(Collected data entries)
lemma heat_operator_nonneg_at_parabolic_max:
  fixes f :: "real \<Rightarrow> real \<Rightarrow> real" and fx :: "real \<Rightarrow> real"
  assumes "h > 0" "D > 0"
    and max_x: "\<And>y. \<bar>y - x\<bar> < h \<Longrightarrow> f t y \<le> f t x"
    and max_t: "\<And>s. t - h < s \<Longrightarrow> s \<le> t \<Longrightarrow> f s x \<le> f t x"
    and dt: "((\<lambda>s. f s x) has_real_derivative ft) (at t)"
    and dx: "\<And>y. ((\<lambda>y. f t y) has_real_derivative fx y) (at y)"
    and dxx: "(fx has_real_derivative fxx) (at x)"
  shows "ft - D * fxx \<ge> 0"
proof -
  have "ft \<ge> 0"
  proof (rule ccontr)
    assume "\<not> ft \<ge> 0"
    then obtain e where "e > 0" and dec: "\<And>k. 0 < k \<Longrightarrow> k < e \<Longrightarrow> f t x < f (t - k) x"
      using DERIV_neg_dec_left[OF dt] by (meson not_le)
    define k where "k = min e h / 2"
    have "0 < k" "k < e" "k < h" using \<open>e > 0\<close> \<open>h > 0\<close> by (auto simp: k_def)
    then show False using dec[of k] max_t[of "t - k"] by simp
  qed
  moreover have "fxx \<le> 0"
  proof (rule ccontr)
    assume "\<not> fxx \<le> 0"
    then obtain e where "e > 0" and inc: "\<And>k. 0 < k \<Longrightarrow> k < e \<Longrightarrow> fx x < fx (x + k)"
      using DERIV_pos_inc_right[OF dxx] by (meson not_le)
    have "fx x = 0"
      using DERIV_local_max[OF dx \<open>h > 0\<close>] max_x by (simp add: abs_minus_commute)
    define k where "k = min e h / 2"
    have k: "0 < k" "k < e" "k < h" using \<open>e > 0\<close> \<open>h > 0\<close> by (auto simp: k_def)
    obtain z where z: "x < z" "z < x + k" and mvt: "f t (x + k) - f t x = k * fx z"
      using MVT2[of x "x + k" "\<lambda>y. f t y" fx] dx k by auto
    have "fx z > 0" using inc[of "z - x"] z k \<open>fx x = 0\<close> by auto
    then have "f t (x + k) > f t x" using mvt k by (simp add: algebra_simps)
    then show False using max_x[of "x + k"] k by simp
  qed
  moreover have "D * fxx \<le> 0" using \<open>D > 0\<close> \<open>fxx \<le> 0\<close> by (simp add: mult_nonneg_nonpos)
  ultimately show ?thesis by simp
qed

lemma parabolic_max_principle_compact:
  fixes f ft fx fxx :: "real \<Rightarrow> real \<Rightarrow> real"
  assumes K: "compact K" and cont: "continuous_on K (\<lambda>(t,x). f t x)" and "D > 0"
    and derivs: "has_parabolic_derivs f ft fx fxx"
    and pos: "\<And>t x. (t,x) \<in> K \<Longrightarrow> f t x > 0 \<Longrightarrow>
                t > 0 \<and> parabolic_interior K t x \<and> ft t x - D * fxx t x < 0"
    and "(t0,x0) \<in> K"
  shows "f t0 x0 \<le> 0"
proof (rule ccontr)
  assume "\<not> f t0 x0 \<le> 0"
  obtain t x where "(t,x) \<in> K" and max: "\<And>s y. (s,y) \<in> K \<Longrightarrow> f s y \<le> f t x"
    using continuous_attains_sup[OF K _ cont] \<open>(t0,x0) \<in> K\<close> by fastforce
  then have "f t x > 0" using \<open>\<not> f t0 x0 \<le> 0\<close> \<open>(t0,x0) \<in> K\<close> by fastforce
  then obtain h where "t > 0" "h > 0" and neg: "ft t x - D * fxx t x < 0"
    and nbhd: "\<And>y. \<bar>y - x\<bar> < h \<Longrightarrow> (t,y) \<in> K" "\<And>s. t - h < s \<Longrightarrow> s \<le> t \<Longrightarrow> (s,x) \<in> K"
    using pos[OF \<open>(t,x) \<in> K\<close>] unfolding parabolic_interior_def by blast
  have d: "((\<lambda>s. f s x) has_real_derivative ft t x) (at t)"
    "\<And>y. ((\<lambda>y. f t y) has_real_derivative fx t y) (at y)"
    "((\<lambda>y. fx t y) has_real_derivative fxx t x) (at x)"
    using derivs \<open>t > 0\<close> unfolding has_parabolic_derivs_def by auto
  have "ft t x - D * fxx t x \<ge> 0"
    by (rule heat_operator_nonneg_at_parabolic_max[OF \<open>h > 0\<close> \<open>D > 0\<close>
          max[OF nbhd(1)] max[OF nbhd(2)] d])
  with neg show False by simp
qed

### Task statement
Where a line above holds the string "derivs", show that line.

### Solution to the problem
    and derivs: "has_parabolic_derivs f ft fx fxx"
    using derivs \<open>t > 0\<close> unfolding has_parabolic_derivs_def by auto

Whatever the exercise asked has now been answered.